Hey there good-lookin'

Obviously the aesthetic is about half the fun, and it helps that the AC 427 is so curvy and beautiful that you lose sleep. PGR2's attention to detail in car design really seals the deal for me - the reflections in particular are just stunning, and even change dynamically as you rotate the camera for an action replay-style side-on view as you rush down a straight. The lines and curves in everything north of the SUVs are just car porn - right down to the way the brake lights on a sleek sports car sort of fade off instead of just flashing and the way scenery rolls smoothly off the bonnet of a Ferrari.

Attention to detail is exemplary throughout - right down to the way you can see the driver shifting in his seat on turns and wrenching the gearstick around. The game has obviously been carved out of a series of new cities and they each throw up different challenges - narrow flyovers here, opposing hairpins there, right-angled turns as roads follow the dirty metallic overhead railways and of course then there's the ridiculous delights of the Nurburgring. Although I've only been to Edinburgh of all the locations in the game, driving along Prince's Street and down some of the old alleys, then up into the hills was just amazingly lifelike - in fact I'd swear one of the routes is pretty close to the tour bus I went on last summer. Trackside detail is amazing of course, dwarfing the efforts of True Crime and The Getaway by emphasising every last detail, and I'm sure if you found the right angle you could even end up staring at the flowery clock.

The lighting is another marvel - we've already touched on the reflections, but there's just something magical about the way the pooled water on the tarmac catches the light, the way headlights cut through the dark, and the spot on realisation of tracks doused in grey skies and rain, which, as an Englishman, I can verify as a thoroughly accurate reflection of the glum weather parked outside my window.
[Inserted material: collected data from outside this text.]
(* Let $U,V\in\mathcal S$ and $D\in\mathbb C(z)[\partial]$. Then $D.U\subset V$ if and only if $D.\overline U\subset\overline V$.
   Context: $\mathcal H$ is the space of entire functions with topology of uniform convergence on compacta; $\mathcal S$ is the set of linear subspaces $V\subset\mathbb C[z]$ with $\rho\,\mathbb C[z]\subset V$ for some nonzero polynomial $\rho$; $\overline V$ is the closure in $\mathcal H$. $\partial=d/dz$ and $D.f$ denotes the action of the differential operator $D$ (with rational coefficients) on the function $f$; "$D.\overline U\subset\overline V$" means that for every $f\in\overline U$, $D.f$ (a meromorphic function) lies in $\overline V$. *)

theory Defs
  imports "HOL-Complex_Analysis.Complex_Analysis" "HOL-Computational_Algebra.Polynomial"
begin

definition in_S :: "complex poly set \<Rightarrow> bool" where
  "in_S V \<longleftrightarrow> 0 \<in> V \<and> (\<forall>p\<in>V. \<forall>q\<in>V. p + q \<in> V) \<and> (\<forall>c. \<forall>p\<in>V. smult c p \<in> V)
     \<and> (\<exists>\<rho>. \<rho> \<noteq> 0 \<and> (\<forall>p. \<rho> * p \<in> V))"

text \<open>Closure of V in the space H of entire functions with the topology of uniform
convergence on compacta (basic neighbourhoods: sup over a compact K below eps).\<close>
definition H_closure :: "complex poly set \<Rightarrow> (complex \<Rightarrow> complex) set" where
  "H_closure V = {f. f holomorphic_on UNIV \<and>
     (\<forall>K. compact K \<longrightarrow> (\<forall>e>0. \<exists>p\<in>V. \<forall>z\<in>K. norm (f z - poly p z) < e))}"

text \<open>A differential operator D = sum_k (n_k/d_k) d^k with rational coefficients is
represented by the list of pairs (n_k, d_k) with d_k nonzero.\<close>
definition valid_op :: "(complex poly \<times> complex poly) list \<Rightarrow> bool" where
  "valid_op D \<longleftrightarrow> (\<forall>c\<in>set D. snd c \<noteq> 0)"

definition op_poles :: "(complex poly \<times> complex poly) list \<Rightarrow> complex set" where
  "op_poles D = {z. \<exists>c\<in>set D. poly (snd c) z = 0}"

definition op_apply :: "(complex poly \<times> complex poly) list \<Rightarrow> (complex \<Rightarrow> complex) \<Rightarrow> complex \<Rightarrow> complex" where
  "op_apply D f z = (\<Sum>i<length D. (poly (fst (D!i)) z / poly (snd (D!i)) z) * (deriv ^^ i) f z)"

definition op_maps_poly :: "(complex poly \<times> complex poly) list \<Rightarrow> complex poly set \<Rightarrow> complex poly set \<Rightarrow> bool" where
  "op_maps_poly D U V \<longleftrightarrow> (\<forall>p\<in>U. \<exists>q\<in>V. \<forall>z. z \<notin> op_poles D \<longrightarrow> op_apply D (poly p) z = poly q z)"

text \<open>D.closure(U) subset closure(V): the meromorphic function D.f coincides, off the poles,
with an entire function lying in closure(V).\<close>
definition op_maps_closure :: "(complex poly \<times> complex poly) list \<Rightarrow> complex poly set \<Rightarrow> complex poly set \<Rightarrow> bool" where
  "op_maps_closure D U V \<longleftrightarrow> (\<forall>f\<in>H_closure U. \<exists>g\<in>H_closure V. \<forall>z. z \<notin> op_poles D \<longrightarrow> op_apply D f z = g z)"

end

(*
  A polynomial lying in the closure of V belongs to V.  By induction on rho, peel off one root a
  of rho at a time: subtracting a multiple of an element of V that does not vanish at a reduces to
  the case where all of V vanishes at a; then one divides by z - a, and the maximum modulus
  principle shows that the quotients are still approximated by elements of {q. (z - a) q in V}.

  Write D = L / B with B the common denominator of the coefficients and L an operator with
  polynomial coefficients.  If D.U is contained in V and f in the closure of U is the locally
  uniform limit of p_k in U, then B q_k = L p_k with q_k = D.p_k in V.  By the Cauchy estimates
  L p_k tends to L f locally uniformly, and since |B| is bounded below on large circles the q_k
  converge locally uniformly to an entire g in the closure of V with B g = L f, i.e. g = D.f.
  Conversely, for p in U the function g = D.p in the closure of V is entire with B g = L p a
  polynomial, so g is a polynomial, which then lies in V by the first part.
*)
theory Submission
  imports Defs "HOL-Computational_Algebra.Fundamental_Theorem_Algebra"
begin
text \<open>As \<open>b\<close> and \<open>b E\<close> differ by \<open>b (E - 1)\<close>, the farther one is at distance at least
  \<open>b (E - 1) / 2\<close> from \<open>a\<close>.\<close>
lemma far_choice_ratio_separated:
  assumes E: "E > 1" and "a > 0" "b > 0"
  shows "ratio_separated ((E - 1) / (2 * E)) a (far_choice E b a)"
proof -
  define \<kappa> where "\<kappa> = (E - 1) / (2 * E)"
  define c where "c = far_choice E b a"
  have "b * (E - 1) \<le> \<bar>b * E - a\<bar> + \<bar>b - a\<bar>"
    by (simp add: algebra_simps abs_triangle_ineq4[of _ a] abs_diff_triangle_ineq[of "b*E" a b a, simplified])
  then have dist: "b * (E - 1) / 2 \<le> \<bar>c - a\<bar>" unfolding c_def far_choice_def by auto
  have c: "0 < c" "c \<le> b * E" unfolding c_def far_choice_def using assms by auto
  have "\<kappa> * c \<le> \<kappa> * (b * E)" using c E by (intro mult_left_mono) (auto simp: \<kappa>_def)
  also have "\<dots> = b * (E - 1) / 2" using E by (simp add: \<kappa>_def field_simps)
  finally have gap: "\<kappa> * c \<le> \<bar>c - a\<bar>" using dist by linarith
  have "0 \<le> \<kappa>" "\<kappa> < 1" using E by (auto simp: \<kappa>_def field_simps)
  then have "(1 + \<kappa>) * a \<le> c \<or> (1 + \<kappa>) * c \<le> a"
  proof (cases "c \<ge> a")
    case True
    then have "(1 + \<kappa>) * a \<le> (1 + \<kappa>) * ((1 - \<kappa>) * c)"
      using gap \<open>0 \<le> \<kappa>\<close> by (intro mult_left_mono) (auto simp: algebra_simps)
    also have "\<dots> \<le> c" using c \<open>0 \<le> \<kappa>\<close> by (simp add: algebra_simps)
    finally show ?thesis by simp
  qed (use gap in \<open>auto simp: algebra_simps\<close>)
  then show ?thesis unfolding ratio_separated_def \<kappa>_def c_def .
qed

lemma approx_intervals_disjoint:
  assumes "0 < \<kappa>" "\<kappa> < 1/2" "a0 > 0" "a1 > 0" "0 \<le> t" "t \<le> \<kappa>/10 * a0"
    and "ratio_separated \<kappa> a0 a1"
  shows "approx_interval (\<kappa>/10) a0 t \<inter> approx_interval (\<kappa>/10) a1 t = {}"
proof -
  define \<epsilon> where "\<epsilon> = \<kappa>/10"
  note k = assms(1,2) and a0 = assms(3) and t = assms(5,6)
  have "False" if "G \<in> approx_interval \<epsilon> a0 t" "G \<in> approx_interval \<epsilon> a1 t" for G
  proof -
    from that have G: "(1-\<epsilon>)*a0 \<le> G" "G \<le> (1+\<epsilon>)*(a0 + t)" "(1-\<epsilon>)*a1 \<le> G" "G \<le> (1+\<epsilon>)*(a1 + t)"
      unfolding approx_interval_def by auto
    have kk: "\<kappa>*\<kappa> < \<kappa>*(1/2)" using k by (intro mult_strict_left_mono) auto
    show False
    proof (cases "(1+\<kappa>)*a0 \<le> a1")
      case True
      have "(1-\<epsilon>)*((1+\<kappa>)*a0) \<le> (1-\<epsilon>)*a1" using True k unfolding \<epsilon>_def by (intro mult_left_mono) auto
      also have "\<dots> \<le> (1+\<epsilon>)*(a0 + t)" using G by linarith
      also have "\<dots> \<le> (1+\<epsilon>)*(a0 + \<epsilon>*a0)" using t k unfolding \<epsilon>_def by (intro mult_left_mono) auto
      finally have "((1-\<epsilon>)*(1+\<kappa>))*a0 \<le> ((1+\<epsilon>)*(1+\<epsilon>))*a0" by (simp add: algebra_simps)
      then have "(1-\<epsilon>)*(1+\<kappa>) \<le> (1+\<epsilon>)*(1+\<epsilon>)" using a0 by simp
      moreover have "(1-\<epsilon>)*(1+\<kappa>) = 1 + 9*\<kappa>/10 - \<kappa>*\<kappa>/10" "(1+\<epsilon>)*(1+\<epsilon>) = 1 + \<kappa>/5 + \<kappa>*\<kappa>/100"
        unfolding \<epsilon>_def by (simp_all add: field_simps)
      ultimately show False using k kk by linarith
    next
      case False
      then have J: "(1+\<kappa>)*a1 \<le> a0" using assms(7) unfolding ratio_separated_def by auto
      have "(1-\<epsilon>)*a0 \<le> (1+\<epsilon>)*(a1 + t)" using G by linarith
      also have "\<dots> \<le> (1+\<epsilon>)*(a1 + \<epsilon>*a0)" using t k unfolding \<epsilon>_def by (intro mult_left_mono) auto
      finally have "(1+\<kappa>)*((1-\<epsilon>)*a0) \<le> (1+\<kappa>)*((1+\<epsilon>)*(a1 + \<epsilon>*a0))" using k by (intro mult_left_mono) auto
      also have "\<dots> = (1+\<epsilon>)*((1+\<kappa>)*a1) + (1+\<kappa>)*(1+\<epsilon>)*\<epsilon>*a0" by (simp add: algebra_simps)
      also have "\<dots> \<le> (1+\<epsilon>)*a0 + (1+\<kappa>)*(1+\<epsilon>)*\<epsilon>*a0" using J k unfolding \<epsilon>_def by (intro add_right_mono mult_left_mono) auto
      finally have "((1+\<kappa>)*(1-\<epsilon>))*a0 \<le> ((1+\<epsilon>) + (1+\<kappa>)*(1+\<epsilon>)*\<epsilon>)*a0" by (simp add: algebra_simps)
      then have "(1+\<kappa>)*(1-\<epsilon>) \<le> (1+\<epsilon>) + (1+\<kappa>)*(1+\<epsilon>)*\<epsilon>" using a0 by simp
      moreover have "(1+\<kappa>)*(1-\<epsilon>) = 1 + 9*\<kappa>/10 - \<kappa>*\<kappa>/10"
        "(1+\<epsilon>) + (1+\<kappa>)*(1+\<epsilon>)*\<epsilon> = 1 + \<kappa>/5 + 11*(\<kappa>*\<kappa>)/100 + \<kappa>*\<kappa>*\<kappa>/100"
        unfolding \<epsilon>_def by (simp_all add: field_simps)
      moreover have "\<kappa>*\<kappa>*\<kappa> < (\<kappa>*\<kappa>)/2" using k kk by (simp add: mult_strict_right_mono)
      ultimately show False using k kk by linarith
    qed
  qed
  then show ?thesis unfolding \<epsilon>_def by blast
qed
It has everything - right down to the way the water is spat back up like you're riding the deathtrap rollercoaster that is the M25 during a thunderstorm.

It's also worth noting that the decision to lock the game at 30fps seems to have paid dividends for the, er, capped crusader [I thought I vetoed that pun? -Ed]. The slowdown evident in our preview builds seems to have been eradicated, and as such it honestly didn't occur to me for several hours that this arguably wasn't running at full pelt.

Finishing post

With the end in sight, PGR2 feels like a success. As the sequel to one of the finest games of 2002 (and one of the best console launch titles ever made), it was always going to struggle to please everybody, and although it arguably does please everybody some of the time, it will be beaten down in some areas for failing to please some folks all of the time. But although there is still room for improvement on the AI front (and I still won't be rushing out to buy the CD sountrack), this is a vast challenge, the best reason to subscribe to Xbox Live bar none, and, if you give it a chance, it still hooks in you faster than a fishing rod mounted on an Enzo Ferrari. PGR may be better in some senses, but any racing fan who doesn't buy this one is beyond redemption.